[Opening EXERCISE DATA section]

lemma mult_sqrt_one_plus_le_one:
  fixes p \<sigma> :: real and i :: nat
  assumes p: "0 < p" and i: "1 \<le> i" and \<sigma>: "0 < \<sigma>" "\<sigma> < 1 - p powr (1 / real i)"
  shows "p * sqrt (1 + real i * \<sigma>\<^sup>2) \<le> 1"
proof -
  have root_pos: "0 < p powr (1 / real i)"
    using p by simp
  then have \<sigma>1: "\<sigma> < 1"
    using \<sigma> by linarith
  have "p = (p powr (1 / real i)) ^ i"
    using p i by (simp add: powr_realpow[symmetric] powr_powr)
  also have "\<dots> \<le> (1 - \<sigma>) ^ i"
    using \<sigma> root_pos by (intro power_mono) auto
  finally have p_le: "p \<le> (1 - \<sigma>) ^ i" .
  have "\<sigma>\<^sup>2 \<le> \<sigma>"
    using \<sigma> \<sigma>1 by (simp add: power2_eq_square)
  then have "real i * \<sigma>\<^sup>2 \<le> 2 * real i * \<sigma> + (real i * \<sigma>)\<^sup>2"
    using mult_left_mono[of "\<sigma>\<^sup>2" \<sigma> "real i"] \<sigma>
      zero_le_power2[of "real i * \<sigma>"] mult_nonneg_nonneg[of "real i" \<sigma>]
    by linarith
  then have "1 + real i * \<sigma>\<^sup>2 \<le> (1 + real i * \<sigma>)\<^sup>2"
    by (simp add: power2_eq_square algebra_simps)
  then have "sqrt (1 + real i * \<sigma>\<^sup>2) \<le> 1 + real i * \<sigma>"
    using \<sigma> by (intro real_le_lsqrt) auto
  also have "\<dots> \<le> (1 + \<sigma>) ^ i"
    using Bernoulli_inequality[of \<sigma> i] \<sigma> by simp
  finally have "p * sqrt (1 + real i * \<sigma>\<^sup>2) \<le> (1 - \<sigma>) ^ i * (1 + \<sigma>) ^ i"
    using p_le \<sigma>1 by (intro mult_mono) auto
  also have "\<dots> = (1 - \<sigma>\<^sup>2) ^ i"
    by (simp add: power_mult_distrib[symmetric] power2_eq_square algebra_simps)
  also have "\<dots> \<le> 1"
    using \<sigma> \<sigma>1 by (intro power_le_one) (auto simp: power2_eq_square mult_le_one)
  finally show ?thesis .
qed

lemma Ksig_iterate_le_psi_mult:
  assumes "f \<in> borel_measurable borel" and "\<And>y. \<bar>f y\<bar> \<le> M * psi y"
    and "0 < \<sigma>" and "0 \<le> p" and "p * sqrt (1 + real i * \<sigma>\<^sup>2) \<le> 1"
  shows "(Ksig \<sigma> ^^ i) f x \<le> M * psi (p * x)"
proof -
  have "(Ksig \<sigma> ^^ i) f x \<le> M * psi (x / sqrt (1 + real i * \<sigma>\<^sup>2))"
    using Ksig_iterate_abs_le[of f M 1 \<sigma> i x] assms by simp
  also have "\<dots> \<le> M * psi (p * x)"
    using assms psi_bound_nonneg[of f M 1]
    by (intro mult_left_mono psi_div_le_psi_mult) (auto simp: add_pos_nonneg)
  finally show ?thesis .
qed

lemma fseq_le_psi_mult:
  assumes "f \<in> borel_measurable borel" and "\<And>y. \<bar>f y\<bar> \<le> M * psi y"
    and "0 < \<sigma>" and "0 \<le> p" and "p * sqrt (1 + real j * \<sigma>\<^sup>2) \<le> 1"
  shows "fseq f \<sigma> j x \<le> (2 ^ (j + 1) - 1) * M * psi (p * x)"
proof -
  have "fseq f \<sigma> j x \<le> (2 ^ (j + 1) - 1) * M * psi (x / sqrt (1 + real j * \<sigma>\<^sup>2))"
    using fseq_abs_le[of f M 1 \<sigma> j x] assms by simp
  also have "\<dots> \<le> (2 ^ (j + 1) - 1) * M * psi (p * x)"
    using assms psi_bound_nonneg[of f M 1] one_le_power[of "2::real" "j + 1"]
    by (intro mult_left_mono psi_div_le_psi_mult) (auto simp: add_pos_nonneg)
  finally show ?thesis .
qed

lemma gseq_le_max: "gseq f \<sigma> k x \<le> max (fseq f \<sigma> k x) (f x / 2)"
  by (simp add: gseq_def)

lemma half_le_gseq: "f x / 2 \<le> gseq f \<sigma> k x"
  by (simp add: gseq_def Jset_def)

lemma hseq_le_twice_gseq:
  assumes f: "\<And>y. 0 \<le> f y" "integrable lborel f" "integral\<^sup>L lborel f = 1"
  shows "hseq f \<sigma> k x \<le> 2 * gseq f \<sigma> k x"
proof -
  have g0: "0 \<le> gseq f \<sigma> k x"
    using half_le_gseq[of f x \<sigma> k] f(1)[of x] by linarith
  show ?thesis
  proof (cases "integrable lborel (gseq f \<sigma> k)")
    case True
    have "integral\<^sup>L lborel (\<lambda>y. f y / 2) \<le> integral\<^sup>L lborel (gseq f \<sigma> k)"
      using f True half_le_gseq by (intro integral_mono) auto
    then have I: "1 \<le> 2 * integral\<^sup>L lborel (gseq f \<sigma> k)"
      using f by simp
    then have "gseq f \<sigma> k x \<le> 2 * gseq f \<sigma> k x * integral\<^sup>L lborel (gseq f \<sigma> k)"
      using mult_left_mono[OF I g0] by (simp add: mult_ac)
    then show ?thesis
      using I by (simp add: hseq_def divide_le_eq)
  next
    case False
    then show ?thesis
      using g0 by (simp add: hseq_def not_integrable_integral_eq)
  qed
qed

[Closing EXERCISE DATA section]

-- PROBLEM TO SOLVE --
Restate the data above word for word.

-- SOLVED EXERCISE --
lemma mult_sqrt_one_plus_le_one:
  fixes p \<sigma> :: real and i :: nat
  assumes p: "0 < p" and i: "1 \<le> i" and \<sigma>: "0 < \<sigma>" "\<sigma> < 1 - p powr (1 / real i)"
  shows "p * sqrt (1 + real i * \<sigma>\<^sup>2) \<le> 1"
proof -
  have root_pos: "0 < p powr (1 / real i)"
    using p by simp
  then have \<sigma>1: "\<sigma> < 1"
    using \<sigma> by linarith
  have "p = (p powr (1 / real i)) ^ i"
    using p i by (simp add: powr_realpow[symmetric] powr_powr)
  also have "\<dots> \<le> (1 - \<sigma>) ^ i"
    using \<sigma> root_pos by (intro power_mono) auto
  finally have p_le: "p \<le> (1 - \<sigma>) ^ i" .
  have "\<sigma>\<^sup>2 \<le> \<sigma>"
    using \<sigma> \<sigma>1 by (simp add: power2_eq_square)
  then have "real i * \<sigma>\<^sup>2 \<le> 2 * real i * \<sigma> + (real i * \<sigma>)\<^sup>2"
    using mult_left_mono[of "\<sigma>\<^sup>2" \<sigma> "real i"] \<sigma>
      zero_le_power2[of "real i * \<sigma>"] mult_nonneg_nonneg[of "real i" \<sigma>]
    by linarith
  then have "1 + real i * \<sigma>\<^sup>2 \<le> (1 + real i * \<sigma>)\<^sup>2"
    by (simp add: power2_eq_square algebra_simps)
  then have "sqrt (1 + real i * \<sigma>\<^sup>2) \<le> 1 + real i * \<sigma>"
    using \<sigma> by (intro real_le_lsqrt) auto
  also have "\<dots> \<le> (1 + \<sigma>) ^ i"
    using Bernoulli_inequality[of \<sigma> i] \<sigma> by simp
  finally have "p * sqrt (1 + real i * \<sigma>\<^sup>2) \<le> (1 - \<sigma>) ^ i * (1 + \<sigma>) ^ i"
    using p_le \<sigma>1 by (intro mult_mono) auto
  also have "\<dots> = (1 - \<sigma>\<^sup>2) ^ i"
    by (simp add: power_mult_distrib[symmetric] power2_eq_square algebra_simps)
  also have "\<dots> \<le> 1"
    using \<sigma> \<sigma>1 by (intro power_le_one) (auto simp: power2_eq_square mult_le_one)
  finally show ?thesis .
qed

lemma Ksig_iterate_le_psi_mult:
  assumes "f \<in> borel_measurable borel" and "\<And>y. \<bar>f y\<bar> \<le> M * psi y"
    and "0 < \<sigma>" and "0 \<le> p" and "p * sqrt (1 + real i * \<sigma>\<^sup>2) \<le> 1"
  shows "(Ksig \<sigma> ^^ i) f x \<le> M * psi (p * x)"
proof -
  have "(Ksig \<sigma> ^^ i) f x \<le> M * psi (x / sqrt (1 + real i * \<sigma>\<^sup>2))"
    using Ksig_iterate_abs_le[of f M 1 \<sigma> i x] assms by simp
  also have "\<dots> \<le> M * psi (p * x)"
    using assms psi_bound_nonneg[of f M 1]
    by (intro mult_left_mono psi_div_le_psi_mult) (auto simp: add_pos_nonneg)
  finally show ?thesis .
qed

lemma fseq_le_psi_mult:
  assumes "f \<in> borel_measurable borel" and "\<And>y. \<bar>f y\<bar> \<le> M * psi y"
    and "0 < \<sigma>" and "0 \<le> p" and "p * sqrt (1 + real j * \<sigma>\<^sup>2) \<le> 1"
  shows "fseq f \<sigma> j x \<le> (2 ^ (j + 1) - 1) * M * psi (p * x)"
proof -
  have "fseq f \<sigma> j x \<le> (2 ^ (j + 1) - 1) * M * psi (x / sqrt (1 + real j * \<sigma>\<^sup>2))"
    using fseq_abs_le[of f M 1 \<sigma> j x] assms by simp
  also have "\<dots> \<le> (2 ^ (j + 1) - 1) * M * psi (p * x)"
    using assms psi_bound_nonneg[of f M 1] one_le_power[of "2::real" "j + 1"]
    by (intro mult_left_mono psi_div_le_psi_mult) (auto simp: add_pos_nonneg)
  finally show ?thesis .
qed

lemma gseq_le_max: "gseq f \<sigma> k x \<le> max (fseq f \<sigma> k x) (f x / 2)"
  by (simp add: gseq_def)

lemma half_le_gseq: "f x / 2 \<le> gseq f \<sigma> k x"
  by (simp add: gseq_def Jset_def)

lemma hseq_le_twice_gseq:
  assumes f: "\<And>y. 0 \<le> f y" "integrable lborel f" "integral\<^sup>L lborel f = 1"
  shows "hseq f \<sigma> k x \<le> 2 * gseq f \<sigma> k x"
proof -
  have g0: "0 \<le> gseq f \<sigma> k x"
    using half_le_gseq[of f x \<sigma> k] f(1)[of x] by linarith
  show ?thesis
  proof (cases "integrable lborel (gseq f \<sigma> k)")
    case True
    have "integral\<^sup>L lborel (\<lambda>y. f y / 2) \<le> integral\<^sup>L lborel (gseq f \<sigma> k)"
      using f True half_le_gseq by (intro integral_mono) auto
    then have I: "1 \<le> 2 * integral\<^sup>L lborel (gseq f \<sigma> k)"
      using f by simp
    then have "gseq f \<sigma> k x \<le> 2 * gseq f \<sigma> k x * integral\<^sup>L lborel (gseq f \<sigma> k)"
      using mult_left_mono[OF I g0] by (simp add: mult_ac)
    then show ?thesis
      using I by (simp add: hseq_def divide_le_eq)
  next
    case False
    then show ?thesis
      using g0 by (simp add: hseq_def not_integrable_integral_eq)
  qed
qed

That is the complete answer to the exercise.